(* Let $\mu,\nu$ be Borel probability measures on $\mathbb{R}^d$ with compact supports and $\mu\ll\mathcal{L}^d$. Let $c:\mathbb{R}^d\times\mathbb{R}^d\to\mathbb{R}^+$ be continuous and satisfy: (i) for every $x$ there is a unique $y\in\mathbb{R}^d$ with $c(x,y)=0$, and for every $y\in\mathbb{R}^d$, $\inf_{x\in\mathbb{R}^d}c(x,y)=0$; (ii) for every $y$, $c(\cdot,y)$ is strictly quasiconvex: $c((1-t)x+t\bar x,y)<\max\{c(x,y),c(\bar x,y)\}$ for all $t\in(0,1)$ and all $x\neq\bar x$; (iii) for all $\lambda>0$ and $y\in\mathbb{R}^d$, the convex set $C_\lambda=\{z: c(z,y)\le\lambda\}$ has differentiable ($C^1$) boundary; (iv) for all $x,y,\tilde y\in\mathbb{R}^d$ and all $\lambda>0$: if $c(x,y)=c(x,\tilde y)=\lambda$ and $n_{c(\cdot,y)}(x)=n_{c(\cdot,\tilde y)}(x)$, then $y=\tilde y$. Let $\gamma\in\Pi(\mu,\nu)$ and $(x,\tilde y)\in R(\gamma)$. Then for every $y\in\mathbb{R}^d$ with $y\neq\tilde y$ there exists $(x',y')\in R(\gamma)$ such that $$\max\{c(x',y),c(x,y')\}<\max\{c(x,y),c(x',y')\}.$$ Moreover, if $x\in\mathrm{Leb}(A)$ for some Borel set $A\subset\mathbb{R}^d$, then $(x',y')$ can be chosen with $x'\in A$.
   Context: $\Pi(\mu,\nu)$ is the set of Borel probability measures on $\mathbb{R}^d\times\mathbb{R}^d$ with first marginal $\mu$ and second marginal $\nu$. For $y\in\mathbb{R}^d$ and $x$ with $c(x,y)=\lambda>0$, $n_{c(\cdot,y)}(x)$ denotes the unit outer normal at $x$ to the sublevel set $\{z: c(z,y)\le\lambda\}$. For a Borel set $U\subset\mathbb{R}^d$, $\mathrm{Leb}(U)$ is the set of points $x\in U$ with $\lim_{r\to0^+}\mathcal{L}^d(U\cap B(x,r))/\mathcal{L}^d(B(x,r))=1$. For $\gamma\in\Pi(\mu,\nu)$, $y\in\mathbb{R}^d$, $r>0$, set $\gamma^{-1}(B(y,r)):=\pi^1\big((\mathbb{R}^d\times B(y,r))\cap\operatorname{supp}\gamma\big)$, where $\pi^1$ is the projection onto the first factor. A pair $(x,y)$ is $\gamma$-regular if $x\in\mathrm{Leb}(\gamma^{-1}(B(y,r)))$ for every $r>0$; $R(\gamma)$ denotes the set of $\gamma$-regular points. *)

theory Defs
  imports "HOL-Probability.Probability"
begin

definition msupp :: "'a::metric_space measure \<Rightarrow> 'a set" where
  "msupp M = {x. \<forall>r>0. emeasure M (ball x r) > 0}"

definition borel_prob :: "'a::topological_space measure \<Rightarrow> bool" where
  "borel_prob M \<longleftrightarrow> prob_space M \<and> sets M = sets borel"

definition couplings :: "'a::euclidean_space measure \<Rightarrow> 'a measure \<Rightarrow> ('a \<times> 'a) measure set" where
  "couplings \<mu> \<nu> = {\<gamma>. borel_prob \<gamma> \<and> distr \<gamma> borel fst = \<mu> \<and> distr \<gamma> borel snd = \<nu>}"

definition Leb :: "'a::euclidean_space set \<Rightarrow> 'a set" where
  "Leb U = {x \<in> U. ((\<lambda>r. measure lebesgue (U \<inter> ball x r) / measure lebesgue (ball x r)) \<longlongrightarrow> 1) (at_right 0)}"

definition preimg :: "('a::euclidean_space \<times> 'a) measure \<Rightarrow> 'a \<Rightarrow> real \<Rightarrow> 'a set" where
  "preimg \<gamma> y r = fst ` ((UNIV \<times> ball y r) \<inter> msupp \<gamma>)"

definition regular_pts :: "('a::euclidean_space \<times> 'a) measure \<Rightarrow> ('a \<times> 'a) set" where
  "regular_pts \<gamma> = {(x, y). \<forall>r>0. x \<in> Leb (preimg \<gamma> y r)}"

definition outer_normal :: "'a::euclidean_space set \<Rightarrow> 'a \<Rightarrow> 'a" where
  "outer_normal C x = (THE n. norm n = 1 \<and> (\<forall>z\<in>C. n \<bullet> (z - x) \<le> 0))"

definition C1_boundary :: "'a::euclidean_space set \<Rightarrow> bool" where
  "C1_boundary C \<longleftrightarrow> (\<forall>p \<in> frontier C. \<exists>U g G. open U \<and> p \<in> U \<and>
      (\<forall>z\<in>U. (g has_derivative (\<lambda>h. G z \<bullet> h)) (at z)) \<and> continuous_on U G \<and> G p \<noteq> 0 \<and>
      C \<inter> U = {z \<in> U. g z \<le> (0::real)})"

end

theory Submission
  imports Defs
begin

(* The heart of the proof is a cone of improving pairs: a point p such that
   for all small t > 0, all q near p and all y' near yt the point x' = x + t (q - x) satisfies
   max (c x' y) (c x y') < max (c x y) (c x' y'). It is found by comparing c x y with c x yt.
   If c x yt < c x y, move x towards a point where c(.,y) is smaller. If c x y < c x yt, move x away
   from a point where c(.,yt) is smaller: by strict quasiconvexity c(.,y') then increases along the
   ray, while for x' close to x the order of c x' y and c x' y' is that of c x y and c x yt.
   If both values equal lam > 0 (lam = 0 would force y = yt), hypothesis (iv) makes the outer normals
   n and m of the two sublevel sets differ; the direction m - n points into the first sublevel set
   and n - m into the second, which yields both a descent for c(.,y) and a point to move away from.
   The cone fills a fixed proportion of every small ball around x, so it meets A and the sets
   gamma^-1(B(yt, r)), of which x is a density point, in positive measure; by Lebesgue's density
   theorem almost every such point is the first coordinate of a gamma-regular pair. *)

section \<open>Lebesgue density points\<close>

lemma measure_ball_pos: "r > 0 \<Longrightarrow> measure lebesgue (ball (x::'a::euclidean_space) r) > 0"
  using content_ball_pos by simp

lemma Int_ball_lmeasurable: "E \<in> sets lebesgue \<Longrightarrow> E \<inter> ball x r \<in> lmeasurable"
  using fmeasurable_Int_fmeasurable[OF lmeasurable_ball, of E x r] by (simp add: Int_commute)

lemma measure_ball_Diff:
  assumes "E \<in> sets lebesgue"
  shows "measure lebesgue (ball x r - E) = measure lebesgue (ball x r) - measure lebesgue (E \<inter> ball x r)"
proof -
  have "ball x r - E = ball x r - (E \<inter> ball x r)" by auto
  then show ?thesis using Int_ball_lmeasurable[OF assms, of x r]
    by (simp add: measure_Diff emeasure_eq_measure2[OF lmeasurable_ball] fmeasurable.Int)
qed

lemma density_ratio_le_1:
  assumes "E \<in> sets lebesgue" "r > 0"
  shows "measure lebesgue (E \<inter> ball x r) / measure lebesgue (ball (x::'a::euclidean_space) r) \<le> 1"
proof -
  have "measure lebesgue (E \<inter> ball x r) \<le> measure lebesgue (ball x r)"
    using Int_ball_lmeasurable[OF assms(1)] by (intro measure_mono_fmeasurable) auto
  then show ?thesis using measure_ball_pos[OF assms(2)] by simp
qed

lemma Leb_mono:
  fixes E E' :: "'a::euclidean_space set"
  assumes E: "E \<in> sets lebesgue" and E': "E' \<in> sets lebesgue" and "E \<subseteq> E'" and x: "x \<in> Leb E"
  shows "x \<in> Leb E'"
proof -
  let ?d = "\<lambda>E r. measure lebesgue (E \<inter> ball x r) / measure lebesgue (ball x r)"
  have "?d E r \<le> ?d E' r" if "r > 0" for r
  proof (rule divide_right_mono)
    show "measure lebesgue (E \<inter> ball x r) \<le> measure lebesgue (E' \<inter> ball x r)"
      using Int_ball_lmeasurable[OF E] Int_ball_lmeasurable[OF E'] \<open>E \<subseteq> E'\<close>
      by (intro measure_mono_fmeasurable) auto
  qed simp
  then have "\<forall>\<^sub>F r in at_right 0. ?d E r \<le> ?d E' r"
    by (intro eventually_at_rightI[of 0 1]) auto
  moreover have "\<forall>\<^sub>F r in at_right 0. ?d E' r \<le> 1"
    using density_ratio_le_1[OF E'] by (intro eventually_at_rightI[of 0 1]) auto
  moreover have "(?d E \<longlongrightarrow> 1) (at_right 0)"
    using x by (simp add: Leb_def)
  ultimately have "(?d E' \<longlongrightarrow> 1) (at_right 0)"
    by (rule tendsto_sandwich[OF _ _ _ tendsto_const])
  then show ?thesis using x \<open>E \<subseteq> E'\<close> by (auto simp: Leb_def)
qed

=-=-=-=-=

Only the lines above starting at the line that holds "C \<inter> U" and ending at the line that holds "(* The heart" are to be repeated, exactly and in full.

# [OUTPUT FOR THIS EXERCISE]
      C \<inter> U = {z \<in> U. g z \<le> (0::real)})"

end

theory Submission
  imports Defs
begin

(* The heart of the proof is a cone of improving pairs: a point p such that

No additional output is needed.